lemma growth_function_measurability_growth:
  assumes C: "C \<ge> 0" and a: "a > 0"
  shows "growth_function (measurability_growth C a)"
  unfolding growth_function_def
proof (intro conjI allI impI mono_onI)
  fix r q :: real assume r: "r \<in> {0<..}" "q \<in> {0<..}" "r \<le> q"
  have rq: "1 \<le> nat \<lceil>r\<rceil>" "nat \<lceil>r\<rceil> \<le> nat \<lceil>q\<rceil>"
    using r(1) one_le_nat_ceiling[of r] nat_mono[OF ceiling_mono[OF r(3)]] by auto
  have "window_width a (nat \<lceil>q\<rceil>) \<le> window_width a (nat \<lceil>r\<rceil>)"
    using rq by (rule window_width_antimono[OF a])
  moreover have "0 < window_width a (nat \<lceil>q\<rceil>)" using rq by (intro window_width_pos[OF a]) linarith
  ultimately have "C / window_width a (nat \<lceil>r\<rceil>) \<le> C / window_width a (nat \<lceil>q\<rceil>)"
    using C by (intro divide_left_mono) auto
  then show "measurability_growth C a r \<le> measurability_growth C a q"
    using r by (simp add: measurability_growth_def)
next
  fix M :: real assume "M > 0"
  moreover have "0 \<le> C / window_width a (nat \<lceil>M\<rceil>)"
    using C window_width_pos[OF a one_le_nat_ceiling[OF \<open>M > 0\<close>]] by (intro divide_nonneg_pos)
  ultimately show "measurability_growth C a M > 0" "measurability_growth C a M \<ge> M"
    using C by (auto simp: measurability_growth_def)
qed

lemma ramp_indicator_error:
  fixes y t \<epsilon> :: real
  assumes "\<epsilon> > 0"
  shows "\<bar>min 1 (max 0 ((y - t) / \<epsilon>)) - of_bool (t < y)\<bar> \<le> of_bool (t < y \<and> y < t + \<epsilon>)"
proof (cases "t < y \<and> y < t + \<epsilon>")
  case False
  moreover have "(y - t) / \<epsilon> \<le> 0" if "y \<le> t" using that assms by (simp add: divide_nonpos_pos)
  moreover have "1 \<le> (y - t) / \<epsilon>" if "t + \<epsilon> \<le> y" using that assms by (simp add: pos_le_divide_eq)
  ultimately show ?thesis by (auto simp: not_less)
qed auto

lemma L2dist_ramp_indicator_le:
  fixes y :: "int \<Rightarrow> real"
  assumes \<epsilon>: "\<epsilon> > 0"
    and sparse: "real (card {n\<in>{1..int N}. t < y n \<and> y n < t + \<epsilon>}) \<le> real N / (real k)\<^sup>2"
  shows "L2dist N (\<lambda>n. complex_of_real (min 1 (max 0 ((y n - t) / \<epsilon>))))
           (\<lambda>n. complex_of_real (indicator {n\<in>{1..int N}. t < y n} n)) \<le> 1 / real k"
proof -
  define err where "err n = (cmod (complex_of_real (min 1 (max 0 ((y n - t) / \<epsilon>)))
                              - complex_of_real (indicator {n\<in>{1..int N}. t < y n} n)))\<^sup>2" for n
  have "err n \<le> of_bool (t < y n \<and> y n < t + \<epsilon>)" if "n \<in> {1..int N}" for n
  proof -
    have "\<bar>min 1 (max 0 ((y n - t) / \<epsilon>)) - of_bool (t < y n)\<bar> \<le> of_bool (t < y n \<and> y n < t + \<epsilon>)"
      (is "?d \<le> ?b") using \<epsilon> by (rule ramp_indicator_error)
    then have "?d\<^sup>2 \<le> ?b\<^sup>2" by (rule power_mono) simp
    moreover have "?b\<^sup>2 = ?b" by (cases "t < y n \<and> y n < t + \<epsilon>") simp_all
    ultimately have "?d\<^sup>2 \<le> ?b" by linarith
    then show ?thesis using that by (simp add: err_def indicator_def flip: of_real_diff)
  qed
  then have "(\<Sum>n\<in>{1..int N}. err n) \<le> (\<Sum>n\<in>{1..int N}. of_bool (t < y n \<and> y n < t + \<epsilon>))"
    by (rule sum_mono)
  also have "\<dots> = real (card {n\<in>{1..int N}. t < y n \<and> y n < t + \<epsilon>})"
    by (simp only: card_filter_eq_sum_of_bool finite_atLeastAtMost_int)
  finally have "(\<Sum>n\<in>{1..int N}. err n) / real N \<le> 1 / (real k)\<^sup>2"
    using sparse by (cases "N = 0") (simp_all add: divide_le_eq)
  then have "sqrt ((\<Sum>n\<in>{1..int N}. err n) / real N) \<le> sqrt (1 / (real k)\<^sup>2)"
    by (rule real_sqrt_le_mono)
  also have "\<dots> = 1 / real k" by (simp add: real_sqrt_divide)
  finally show ?thesis by (simp add: L2dist_def err_def)
qed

════

• Exercise description
Starting from the data above, filter for lines with "rule" and copy each one.

• Your solution
    using rq by (rule window_width_antimono[OF a])
      (is "?d \<le> ?b") using \<epsilon> by (rule ramp_indicator_error)
    then have "?d\<^sup>2 \<le> ?b\<^sup>2" by (rule power_mono) simp
    by (rule sum_mono)
    by (rule real_sqrt_le_mono)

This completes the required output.